# What you are asked to do:
Find every line in the records below that contains the word "only", and copy each such line.

# Material provided:
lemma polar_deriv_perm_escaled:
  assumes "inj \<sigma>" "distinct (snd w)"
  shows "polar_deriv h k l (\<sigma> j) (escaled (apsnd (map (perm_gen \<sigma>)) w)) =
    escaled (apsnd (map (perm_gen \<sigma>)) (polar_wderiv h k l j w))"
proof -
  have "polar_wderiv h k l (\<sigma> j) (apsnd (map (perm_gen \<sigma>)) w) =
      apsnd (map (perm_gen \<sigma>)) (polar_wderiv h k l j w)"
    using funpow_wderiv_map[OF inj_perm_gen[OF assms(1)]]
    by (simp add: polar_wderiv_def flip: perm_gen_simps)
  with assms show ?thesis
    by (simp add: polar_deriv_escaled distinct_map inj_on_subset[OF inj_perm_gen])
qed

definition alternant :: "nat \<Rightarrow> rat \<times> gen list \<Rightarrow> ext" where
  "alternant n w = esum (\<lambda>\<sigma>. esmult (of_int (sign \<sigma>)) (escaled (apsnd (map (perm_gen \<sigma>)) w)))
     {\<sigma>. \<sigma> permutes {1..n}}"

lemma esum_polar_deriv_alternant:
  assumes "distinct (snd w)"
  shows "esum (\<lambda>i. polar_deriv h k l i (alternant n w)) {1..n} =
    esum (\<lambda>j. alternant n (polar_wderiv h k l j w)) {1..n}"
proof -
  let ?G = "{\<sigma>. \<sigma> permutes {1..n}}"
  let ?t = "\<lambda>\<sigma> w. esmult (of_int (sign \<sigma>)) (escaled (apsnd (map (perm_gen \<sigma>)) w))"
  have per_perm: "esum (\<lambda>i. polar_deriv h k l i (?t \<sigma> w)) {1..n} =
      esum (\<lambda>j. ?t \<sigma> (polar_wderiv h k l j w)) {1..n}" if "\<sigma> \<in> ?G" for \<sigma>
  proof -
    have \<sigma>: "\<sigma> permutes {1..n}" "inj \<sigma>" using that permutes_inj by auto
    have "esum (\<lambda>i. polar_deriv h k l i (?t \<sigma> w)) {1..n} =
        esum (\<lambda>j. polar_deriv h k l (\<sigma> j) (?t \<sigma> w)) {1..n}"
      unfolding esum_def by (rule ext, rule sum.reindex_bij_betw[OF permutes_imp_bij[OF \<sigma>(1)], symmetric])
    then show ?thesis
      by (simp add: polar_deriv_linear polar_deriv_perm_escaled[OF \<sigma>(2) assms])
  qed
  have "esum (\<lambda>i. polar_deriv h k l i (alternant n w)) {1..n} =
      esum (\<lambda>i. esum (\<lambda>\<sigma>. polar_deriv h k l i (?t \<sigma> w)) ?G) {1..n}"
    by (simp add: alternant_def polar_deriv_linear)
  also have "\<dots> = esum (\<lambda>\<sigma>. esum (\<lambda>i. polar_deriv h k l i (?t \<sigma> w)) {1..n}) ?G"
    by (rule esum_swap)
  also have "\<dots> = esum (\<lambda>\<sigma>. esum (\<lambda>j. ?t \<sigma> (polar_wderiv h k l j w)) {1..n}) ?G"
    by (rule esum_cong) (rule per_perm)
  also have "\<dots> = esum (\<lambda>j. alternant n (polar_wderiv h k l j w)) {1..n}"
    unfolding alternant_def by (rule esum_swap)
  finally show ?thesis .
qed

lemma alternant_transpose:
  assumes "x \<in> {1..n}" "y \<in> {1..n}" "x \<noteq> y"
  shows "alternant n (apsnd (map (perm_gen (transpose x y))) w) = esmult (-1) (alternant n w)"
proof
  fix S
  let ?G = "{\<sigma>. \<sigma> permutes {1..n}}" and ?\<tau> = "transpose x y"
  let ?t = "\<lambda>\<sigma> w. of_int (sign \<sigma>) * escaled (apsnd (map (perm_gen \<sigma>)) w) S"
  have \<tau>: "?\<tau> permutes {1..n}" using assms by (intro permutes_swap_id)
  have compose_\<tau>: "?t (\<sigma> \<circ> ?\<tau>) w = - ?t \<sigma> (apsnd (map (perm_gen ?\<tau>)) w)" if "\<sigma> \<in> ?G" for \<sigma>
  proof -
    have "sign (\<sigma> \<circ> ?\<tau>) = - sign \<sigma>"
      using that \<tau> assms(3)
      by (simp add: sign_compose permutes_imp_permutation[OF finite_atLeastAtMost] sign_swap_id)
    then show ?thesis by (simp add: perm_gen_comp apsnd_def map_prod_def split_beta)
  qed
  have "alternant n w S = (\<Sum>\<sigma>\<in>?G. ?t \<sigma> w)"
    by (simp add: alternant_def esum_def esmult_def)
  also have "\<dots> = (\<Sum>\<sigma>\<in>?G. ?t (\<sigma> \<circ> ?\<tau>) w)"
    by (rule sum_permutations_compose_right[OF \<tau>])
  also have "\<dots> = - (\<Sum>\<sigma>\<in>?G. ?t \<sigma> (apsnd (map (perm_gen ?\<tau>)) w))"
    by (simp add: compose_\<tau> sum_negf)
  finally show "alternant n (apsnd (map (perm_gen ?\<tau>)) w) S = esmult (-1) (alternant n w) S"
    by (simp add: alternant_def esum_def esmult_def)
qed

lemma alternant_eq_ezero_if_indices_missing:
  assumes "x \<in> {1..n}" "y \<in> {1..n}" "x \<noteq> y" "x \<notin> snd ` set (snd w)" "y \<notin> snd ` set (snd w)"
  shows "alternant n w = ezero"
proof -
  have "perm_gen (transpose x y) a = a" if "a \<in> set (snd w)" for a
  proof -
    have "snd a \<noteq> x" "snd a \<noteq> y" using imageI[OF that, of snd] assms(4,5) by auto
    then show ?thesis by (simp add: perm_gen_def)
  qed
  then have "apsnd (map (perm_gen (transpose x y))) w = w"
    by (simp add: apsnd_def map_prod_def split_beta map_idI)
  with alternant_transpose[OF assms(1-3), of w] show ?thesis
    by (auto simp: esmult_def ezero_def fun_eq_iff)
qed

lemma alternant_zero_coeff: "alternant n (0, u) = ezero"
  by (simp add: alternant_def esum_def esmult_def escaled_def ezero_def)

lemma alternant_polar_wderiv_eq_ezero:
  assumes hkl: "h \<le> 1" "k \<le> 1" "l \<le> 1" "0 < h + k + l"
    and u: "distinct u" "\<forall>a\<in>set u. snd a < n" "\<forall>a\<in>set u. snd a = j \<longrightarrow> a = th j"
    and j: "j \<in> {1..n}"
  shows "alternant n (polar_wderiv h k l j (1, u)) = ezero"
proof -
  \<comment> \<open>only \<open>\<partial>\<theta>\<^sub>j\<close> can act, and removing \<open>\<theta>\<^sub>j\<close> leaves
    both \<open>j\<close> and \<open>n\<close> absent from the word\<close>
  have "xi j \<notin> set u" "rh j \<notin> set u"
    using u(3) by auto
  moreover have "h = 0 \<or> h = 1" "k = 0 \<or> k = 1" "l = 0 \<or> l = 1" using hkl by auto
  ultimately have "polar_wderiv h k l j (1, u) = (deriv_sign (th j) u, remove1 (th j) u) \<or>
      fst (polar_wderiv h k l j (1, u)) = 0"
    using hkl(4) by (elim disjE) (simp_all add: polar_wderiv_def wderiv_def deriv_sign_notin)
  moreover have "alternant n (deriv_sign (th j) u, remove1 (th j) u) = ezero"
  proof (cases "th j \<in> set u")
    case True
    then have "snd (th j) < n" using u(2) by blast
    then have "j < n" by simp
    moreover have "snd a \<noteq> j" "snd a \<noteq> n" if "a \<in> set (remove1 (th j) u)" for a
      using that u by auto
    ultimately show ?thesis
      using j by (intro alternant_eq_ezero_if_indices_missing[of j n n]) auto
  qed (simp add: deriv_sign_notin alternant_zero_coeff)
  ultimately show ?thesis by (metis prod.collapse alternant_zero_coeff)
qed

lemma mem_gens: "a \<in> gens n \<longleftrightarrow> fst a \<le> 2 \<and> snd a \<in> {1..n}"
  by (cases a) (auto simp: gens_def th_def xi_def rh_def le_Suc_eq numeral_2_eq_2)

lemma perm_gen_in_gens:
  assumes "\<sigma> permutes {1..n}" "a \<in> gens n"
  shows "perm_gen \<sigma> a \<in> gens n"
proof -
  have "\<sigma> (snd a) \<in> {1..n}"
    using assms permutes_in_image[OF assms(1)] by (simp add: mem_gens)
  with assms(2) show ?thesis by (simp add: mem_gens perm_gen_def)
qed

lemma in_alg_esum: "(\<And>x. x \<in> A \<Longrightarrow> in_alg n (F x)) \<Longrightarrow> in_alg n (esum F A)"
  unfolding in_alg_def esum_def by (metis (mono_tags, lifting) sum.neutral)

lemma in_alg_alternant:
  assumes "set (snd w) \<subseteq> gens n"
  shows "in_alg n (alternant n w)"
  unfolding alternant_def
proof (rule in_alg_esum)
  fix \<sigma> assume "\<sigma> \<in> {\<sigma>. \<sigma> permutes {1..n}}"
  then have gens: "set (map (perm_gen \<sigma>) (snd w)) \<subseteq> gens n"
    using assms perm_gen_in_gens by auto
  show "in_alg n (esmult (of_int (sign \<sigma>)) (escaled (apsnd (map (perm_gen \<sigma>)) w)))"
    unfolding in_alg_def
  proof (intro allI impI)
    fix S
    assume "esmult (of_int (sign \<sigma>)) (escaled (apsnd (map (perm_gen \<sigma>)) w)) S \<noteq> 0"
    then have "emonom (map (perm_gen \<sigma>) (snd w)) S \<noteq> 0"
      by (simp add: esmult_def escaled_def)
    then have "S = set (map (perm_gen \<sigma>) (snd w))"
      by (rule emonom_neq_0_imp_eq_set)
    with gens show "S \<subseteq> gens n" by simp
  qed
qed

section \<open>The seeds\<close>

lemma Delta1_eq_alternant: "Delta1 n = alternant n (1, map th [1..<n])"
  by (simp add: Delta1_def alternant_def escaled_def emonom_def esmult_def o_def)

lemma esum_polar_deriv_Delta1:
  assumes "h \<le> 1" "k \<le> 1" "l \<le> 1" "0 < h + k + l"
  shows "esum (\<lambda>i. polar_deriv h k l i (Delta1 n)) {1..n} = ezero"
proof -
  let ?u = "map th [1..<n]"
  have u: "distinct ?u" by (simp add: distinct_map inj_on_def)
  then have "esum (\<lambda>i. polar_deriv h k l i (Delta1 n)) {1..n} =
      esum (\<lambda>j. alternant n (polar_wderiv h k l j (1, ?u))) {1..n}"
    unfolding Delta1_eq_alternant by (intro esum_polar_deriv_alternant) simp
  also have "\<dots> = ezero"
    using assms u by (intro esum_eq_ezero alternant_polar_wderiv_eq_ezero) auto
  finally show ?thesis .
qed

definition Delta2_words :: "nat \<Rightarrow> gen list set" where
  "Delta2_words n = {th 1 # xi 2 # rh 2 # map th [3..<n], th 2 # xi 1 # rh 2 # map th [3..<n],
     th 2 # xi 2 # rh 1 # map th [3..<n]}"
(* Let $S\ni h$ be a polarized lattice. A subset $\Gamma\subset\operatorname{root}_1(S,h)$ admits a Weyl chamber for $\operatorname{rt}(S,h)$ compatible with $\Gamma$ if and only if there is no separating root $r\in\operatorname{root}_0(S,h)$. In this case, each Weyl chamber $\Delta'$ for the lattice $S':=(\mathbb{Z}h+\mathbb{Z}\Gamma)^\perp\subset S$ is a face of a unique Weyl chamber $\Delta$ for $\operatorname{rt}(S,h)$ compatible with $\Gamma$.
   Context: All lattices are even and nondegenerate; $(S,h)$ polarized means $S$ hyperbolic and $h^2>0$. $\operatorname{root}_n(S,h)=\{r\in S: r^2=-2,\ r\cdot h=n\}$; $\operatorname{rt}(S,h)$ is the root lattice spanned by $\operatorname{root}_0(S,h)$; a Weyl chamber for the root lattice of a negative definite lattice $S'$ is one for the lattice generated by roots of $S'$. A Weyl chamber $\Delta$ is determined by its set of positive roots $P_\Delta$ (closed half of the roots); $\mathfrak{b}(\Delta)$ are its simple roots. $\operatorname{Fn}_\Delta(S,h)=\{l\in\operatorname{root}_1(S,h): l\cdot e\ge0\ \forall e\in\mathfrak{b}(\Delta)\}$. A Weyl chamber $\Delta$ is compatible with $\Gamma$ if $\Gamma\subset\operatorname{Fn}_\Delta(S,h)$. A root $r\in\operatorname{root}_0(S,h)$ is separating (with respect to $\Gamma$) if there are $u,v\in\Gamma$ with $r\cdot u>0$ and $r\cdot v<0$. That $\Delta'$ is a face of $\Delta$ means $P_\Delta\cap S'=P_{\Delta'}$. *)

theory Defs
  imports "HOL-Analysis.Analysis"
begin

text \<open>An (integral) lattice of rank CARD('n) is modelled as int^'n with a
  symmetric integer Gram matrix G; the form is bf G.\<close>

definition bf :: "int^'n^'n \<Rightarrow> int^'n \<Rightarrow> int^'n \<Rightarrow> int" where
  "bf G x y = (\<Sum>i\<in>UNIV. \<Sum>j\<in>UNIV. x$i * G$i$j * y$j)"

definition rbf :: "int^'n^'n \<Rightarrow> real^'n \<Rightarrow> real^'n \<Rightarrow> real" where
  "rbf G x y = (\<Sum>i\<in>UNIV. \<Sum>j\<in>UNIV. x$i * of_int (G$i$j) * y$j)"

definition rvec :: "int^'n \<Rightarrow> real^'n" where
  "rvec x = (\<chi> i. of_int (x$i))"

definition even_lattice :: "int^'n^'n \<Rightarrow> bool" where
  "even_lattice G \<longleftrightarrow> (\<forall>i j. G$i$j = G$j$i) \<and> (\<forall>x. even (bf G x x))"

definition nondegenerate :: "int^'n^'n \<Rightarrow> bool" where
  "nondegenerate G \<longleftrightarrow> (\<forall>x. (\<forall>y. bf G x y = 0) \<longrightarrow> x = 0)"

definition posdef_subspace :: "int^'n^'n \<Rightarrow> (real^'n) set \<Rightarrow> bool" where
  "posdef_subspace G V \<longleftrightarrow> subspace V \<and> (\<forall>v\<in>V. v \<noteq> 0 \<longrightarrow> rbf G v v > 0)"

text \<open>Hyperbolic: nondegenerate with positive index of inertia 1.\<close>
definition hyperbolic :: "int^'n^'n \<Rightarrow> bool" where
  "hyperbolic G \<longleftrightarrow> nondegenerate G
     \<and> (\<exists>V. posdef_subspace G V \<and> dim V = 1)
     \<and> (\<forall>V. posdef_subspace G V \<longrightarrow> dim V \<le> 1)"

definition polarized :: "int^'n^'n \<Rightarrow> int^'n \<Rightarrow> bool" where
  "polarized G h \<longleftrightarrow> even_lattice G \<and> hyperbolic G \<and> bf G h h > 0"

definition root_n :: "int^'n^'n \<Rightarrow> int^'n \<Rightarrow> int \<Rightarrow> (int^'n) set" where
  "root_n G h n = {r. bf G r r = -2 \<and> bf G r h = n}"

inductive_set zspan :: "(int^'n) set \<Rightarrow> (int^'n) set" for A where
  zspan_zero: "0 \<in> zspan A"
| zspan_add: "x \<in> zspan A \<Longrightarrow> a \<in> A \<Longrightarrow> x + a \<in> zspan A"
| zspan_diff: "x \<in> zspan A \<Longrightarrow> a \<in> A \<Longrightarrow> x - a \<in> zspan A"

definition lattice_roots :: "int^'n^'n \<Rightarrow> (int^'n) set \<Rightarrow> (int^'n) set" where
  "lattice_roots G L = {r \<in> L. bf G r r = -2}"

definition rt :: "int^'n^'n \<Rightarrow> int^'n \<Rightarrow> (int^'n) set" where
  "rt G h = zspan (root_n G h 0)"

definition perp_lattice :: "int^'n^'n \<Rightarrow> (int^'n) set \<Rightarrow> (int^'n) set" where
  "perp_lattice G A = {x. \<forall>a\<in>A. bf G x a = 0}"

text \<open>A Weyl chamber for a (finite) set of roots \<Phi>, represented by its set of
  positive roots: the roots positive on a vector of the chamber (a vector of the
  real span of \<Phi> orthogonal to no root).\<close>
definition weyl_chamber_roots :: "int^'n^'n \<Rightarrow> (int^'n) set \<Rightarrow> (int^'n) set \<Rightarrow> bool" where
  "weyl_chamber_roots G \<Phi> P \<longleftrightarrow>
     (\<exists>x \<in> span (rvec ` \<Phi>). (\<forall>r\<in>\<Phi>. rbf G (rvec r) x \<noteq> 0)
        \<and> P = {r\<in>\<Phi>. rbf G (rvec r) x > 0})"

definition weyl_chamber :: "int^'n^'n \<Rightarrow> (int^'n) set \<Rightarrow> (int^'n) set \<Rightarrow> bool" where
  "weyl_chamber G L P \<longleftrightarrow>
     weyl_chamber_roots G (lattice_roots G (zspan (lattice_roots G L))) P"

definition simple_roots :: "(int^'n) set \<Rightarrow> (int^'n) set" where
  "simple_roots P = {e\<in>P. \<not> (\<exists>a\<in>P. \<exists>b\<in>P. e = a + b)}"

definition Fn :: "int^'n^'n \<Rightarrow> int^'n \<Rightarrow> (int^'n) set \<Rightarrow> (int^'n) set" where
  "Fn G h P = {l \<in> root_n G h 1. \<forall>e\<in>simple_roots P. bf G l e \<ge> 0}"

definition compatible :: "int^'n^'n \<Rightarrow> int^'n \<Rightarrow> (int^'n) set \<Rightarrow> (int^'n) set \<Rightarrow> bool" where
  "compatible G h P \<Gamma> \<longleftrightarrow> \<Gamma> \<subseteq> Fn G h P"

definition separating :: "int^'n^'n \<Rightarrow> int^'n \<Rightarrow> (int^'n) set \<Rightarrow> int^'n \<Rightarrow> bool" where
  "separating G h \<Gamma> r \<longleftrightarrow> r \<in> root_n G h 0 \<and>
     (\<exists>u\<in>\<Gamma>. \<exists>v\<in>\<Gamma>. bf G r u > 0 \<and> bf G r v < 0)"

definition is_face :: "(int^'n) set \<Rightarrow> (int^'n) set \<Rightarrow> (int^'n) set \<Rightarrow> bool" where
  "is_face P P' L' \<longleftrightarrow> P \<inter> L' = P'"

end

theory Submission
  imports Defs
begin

# Answer to the problem:
  \<comment> \<open>only \<open>\<partial>\<theta>\<^sub>j\<close> can act, and removing \<open>\<theta>\<^sub>j\<close> leaves
(* Let $S\ni h$ be a polarized lattice. A subset $\Gamma\subset\operatorname{root}_1(S,h)$ admits a Weyl chamber for $\operatorname{rt}(S,h)$ compatible with $\Gamma$ if and only if there is no separating root $r\in\operatorname{root}_0(S,h)$. In this case, each Weyl chamber $\Delta'$ for the lattice $S':=(\mathbb{Z}h+\mathbb{Z}\Gamma)^\perp\subset S$ is a face of a unique Weyl chamber $\Delta$ for $\operatorname{rt}(S,h)$ compatible with $\Gamma$.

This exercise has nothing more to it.